* WHAT YOU WILL DO
In the entries that follow, the first line to write out is the one containing "obtains d where", and the last is the one containing "obtains \<delta> where". Reproduce that stretch exactly, with nothing before or after it.

Items listed in a dataset
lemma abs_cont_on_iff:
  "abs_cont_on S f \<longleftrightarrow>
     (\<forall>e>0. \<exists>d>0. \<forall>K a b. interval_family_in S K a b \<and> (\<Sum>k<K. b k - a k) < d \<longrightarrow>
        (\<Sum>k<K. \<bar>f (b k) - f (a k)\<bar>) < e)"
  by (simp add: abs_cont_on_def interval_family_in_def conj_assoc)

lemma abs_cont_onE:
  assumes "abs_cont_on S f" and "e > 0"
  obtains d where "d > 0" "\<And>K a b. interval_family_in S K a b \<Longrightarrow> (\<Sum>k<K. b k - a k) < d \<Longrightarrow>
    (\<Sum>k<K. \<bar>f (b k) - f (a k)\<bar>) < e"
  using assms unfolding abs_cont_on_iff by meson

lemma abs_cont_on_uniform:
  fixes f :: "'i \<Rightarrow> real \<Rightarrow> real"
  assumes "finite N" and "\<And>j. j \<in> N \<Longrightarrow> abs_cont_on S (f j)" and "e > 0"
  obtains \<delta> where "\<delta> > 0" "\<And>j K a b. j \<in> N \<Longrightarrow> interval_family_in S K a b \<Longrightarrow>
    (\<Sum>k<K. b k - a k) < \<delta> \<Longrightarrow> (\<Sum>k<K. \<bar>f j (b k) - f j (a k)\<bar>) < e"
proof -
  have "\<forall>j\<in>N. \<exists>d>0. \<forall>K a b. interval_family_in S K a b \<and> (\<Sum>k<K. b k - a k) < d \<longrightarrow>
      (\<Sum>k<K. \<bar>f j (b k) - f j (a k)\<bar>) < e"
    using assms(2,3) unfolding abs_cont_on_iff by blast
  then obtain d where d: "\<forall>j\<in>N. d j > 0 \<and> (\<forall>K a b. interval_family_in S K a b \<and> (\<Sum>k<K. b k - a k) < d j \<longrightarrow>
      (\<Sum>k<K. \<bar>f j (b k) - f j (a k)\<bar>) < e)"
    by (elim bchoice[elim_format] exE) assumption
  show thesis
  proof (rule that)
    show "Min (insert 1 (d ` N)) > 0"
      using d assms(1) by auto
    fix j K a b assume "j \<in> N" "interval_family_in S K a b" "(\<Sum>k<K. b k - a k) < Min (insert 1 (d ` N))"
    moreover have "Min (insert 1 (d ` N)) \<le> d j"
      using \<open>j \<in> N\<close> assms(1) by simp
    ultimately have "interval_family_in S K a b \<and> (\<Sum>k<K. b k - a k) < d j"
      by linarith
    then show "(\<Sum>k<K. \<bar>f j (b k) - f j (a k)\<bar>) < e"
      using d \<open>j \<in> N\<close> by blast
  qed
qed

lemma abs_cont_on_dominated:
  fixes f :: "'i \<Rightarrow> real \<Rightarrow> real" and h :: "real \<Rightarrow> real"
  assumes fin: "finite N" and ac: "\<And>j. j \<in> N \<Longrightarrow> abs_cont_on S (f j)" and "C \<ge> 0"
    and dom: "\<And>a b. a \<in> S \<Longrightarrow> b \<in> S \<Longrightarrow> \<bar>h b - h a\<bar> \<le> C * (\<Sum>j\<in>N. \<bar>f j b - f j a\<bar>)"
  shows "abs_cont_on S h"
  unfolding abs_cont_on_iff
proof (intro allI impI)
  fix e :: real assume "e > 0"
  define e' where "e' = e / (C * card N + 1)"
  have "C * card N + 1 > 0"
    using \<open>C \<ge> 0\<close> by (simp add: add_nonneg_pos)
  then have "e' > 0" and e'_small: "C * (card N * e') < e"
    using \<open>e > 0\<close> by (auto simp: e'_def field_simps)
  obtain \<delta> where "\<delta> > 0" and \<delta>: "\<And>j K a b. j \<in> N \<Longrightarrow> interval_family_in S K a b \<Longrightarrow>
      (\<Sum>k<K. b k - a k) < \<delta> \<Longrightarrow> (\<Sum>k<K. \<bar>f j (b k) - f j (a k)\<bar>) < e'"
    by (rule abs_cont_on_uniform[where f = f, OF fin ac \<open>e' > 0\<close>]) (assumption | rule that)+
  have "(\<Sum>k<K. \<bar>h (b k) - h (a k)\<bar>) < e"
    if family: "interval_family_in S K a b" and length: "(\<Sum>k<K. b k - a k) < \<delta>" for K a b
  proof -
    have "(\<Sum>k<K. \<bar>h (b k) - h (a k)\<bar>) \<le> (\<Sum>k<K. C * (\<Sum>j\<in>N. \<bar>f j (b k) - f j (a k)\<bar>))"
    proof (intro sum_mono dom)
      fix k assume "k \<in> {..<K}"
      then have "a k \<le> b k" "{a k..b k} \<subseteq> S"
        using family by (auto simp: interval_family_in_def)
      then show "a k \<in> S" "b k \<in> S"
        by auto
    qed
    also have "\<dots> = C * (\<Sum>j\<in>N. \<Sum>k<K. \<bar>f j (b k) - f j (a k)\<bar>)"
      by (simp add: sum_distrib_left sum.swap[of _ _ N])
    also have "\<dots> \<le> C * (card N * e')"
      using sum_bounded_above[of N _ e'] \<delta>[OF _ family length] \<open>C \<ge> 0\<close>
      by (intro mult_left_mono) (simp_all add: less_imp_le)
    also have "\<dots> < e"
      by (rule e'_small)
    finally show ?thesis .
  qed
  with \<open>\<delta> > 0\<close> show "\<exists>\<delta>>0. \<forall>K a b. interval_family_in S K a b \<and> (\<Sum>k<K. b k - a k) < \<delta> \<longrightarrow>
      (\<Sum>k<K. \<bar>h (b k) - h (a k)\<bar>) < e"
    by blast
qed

...

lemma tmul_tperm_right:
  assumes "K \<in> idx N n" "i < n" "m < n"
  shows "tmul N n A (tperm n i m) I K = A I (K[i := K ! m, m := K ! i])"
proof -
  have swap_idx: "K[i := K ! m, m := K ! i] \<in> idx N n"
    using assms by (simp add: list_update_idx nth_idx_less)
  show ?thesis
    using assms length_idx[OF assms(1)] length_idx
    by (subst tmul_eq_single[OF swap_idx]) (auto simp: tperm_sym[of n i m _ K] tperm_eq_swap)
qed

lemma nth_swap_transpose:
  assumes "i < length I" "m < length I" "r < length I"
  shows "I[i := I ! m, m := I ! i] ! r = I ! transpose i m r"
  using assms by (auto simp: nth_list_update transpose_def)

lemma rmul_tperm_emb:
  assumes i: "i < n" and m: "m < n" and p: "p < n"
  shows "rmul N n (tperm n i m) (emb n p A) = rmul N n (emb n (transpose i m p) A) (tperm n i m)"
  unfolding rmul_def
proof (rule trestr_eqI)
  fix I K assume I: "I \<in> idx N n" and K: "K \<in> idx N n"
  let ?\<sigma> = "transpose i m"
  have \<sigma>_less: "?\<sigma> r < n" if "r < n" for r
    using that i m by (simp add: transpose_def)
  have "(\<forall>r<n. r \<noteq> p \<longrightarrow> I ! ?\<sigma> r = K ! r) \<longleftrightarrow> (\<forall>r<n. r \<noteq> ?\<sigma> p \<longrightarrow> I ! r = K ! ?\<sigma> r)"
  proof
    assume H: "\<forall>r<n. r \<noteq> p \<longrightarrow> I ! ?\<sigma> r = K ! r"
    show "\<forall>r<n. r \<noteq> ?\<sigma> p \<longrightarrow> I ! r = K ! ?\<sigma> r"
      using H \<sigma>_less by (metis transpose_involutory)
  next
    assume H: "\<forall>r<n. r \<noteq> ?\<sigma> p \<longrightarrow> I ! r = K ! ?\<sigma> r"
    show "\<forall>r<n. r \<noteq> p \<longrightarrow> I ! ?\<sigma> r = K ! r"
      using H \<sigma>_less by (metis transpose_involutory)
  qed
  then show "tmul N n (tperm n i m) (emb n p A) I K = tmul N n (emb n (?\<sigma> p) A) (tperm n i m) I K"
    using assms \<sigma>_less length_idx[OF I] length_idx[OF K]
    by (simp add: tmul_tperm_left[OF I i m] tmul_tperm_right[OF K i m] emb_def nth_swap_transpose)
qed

* WRITTEN ANSWER
  obtains d where "d > 0" "\<And>K a b. interval_family_in S K a b \<Longrightarrow> (\<Sum>k<K. b k - a k) < d \<Longrightarrow>
    (\<Sum>k<K. \<bar>f (b k) - f (a k)\<bar>) < e"
  using assms unfolding abs_cont_on_iff by meson

lemma abs_cont_on_uniform:
  fixes f :: "'i \<Rightarrow> real \<Rightarrow> real"
  assumes "finite N" and "\<And>j. j \<in> N \<Longrightarrow> abs_cont_on S (f j)" and "e > 0"
  obtains \<delta> where "\<delta> > 0" "\<And>j K a b. j \<in> N \<Longrightarrow> interval_family_in S K a b \<Longrightarrow>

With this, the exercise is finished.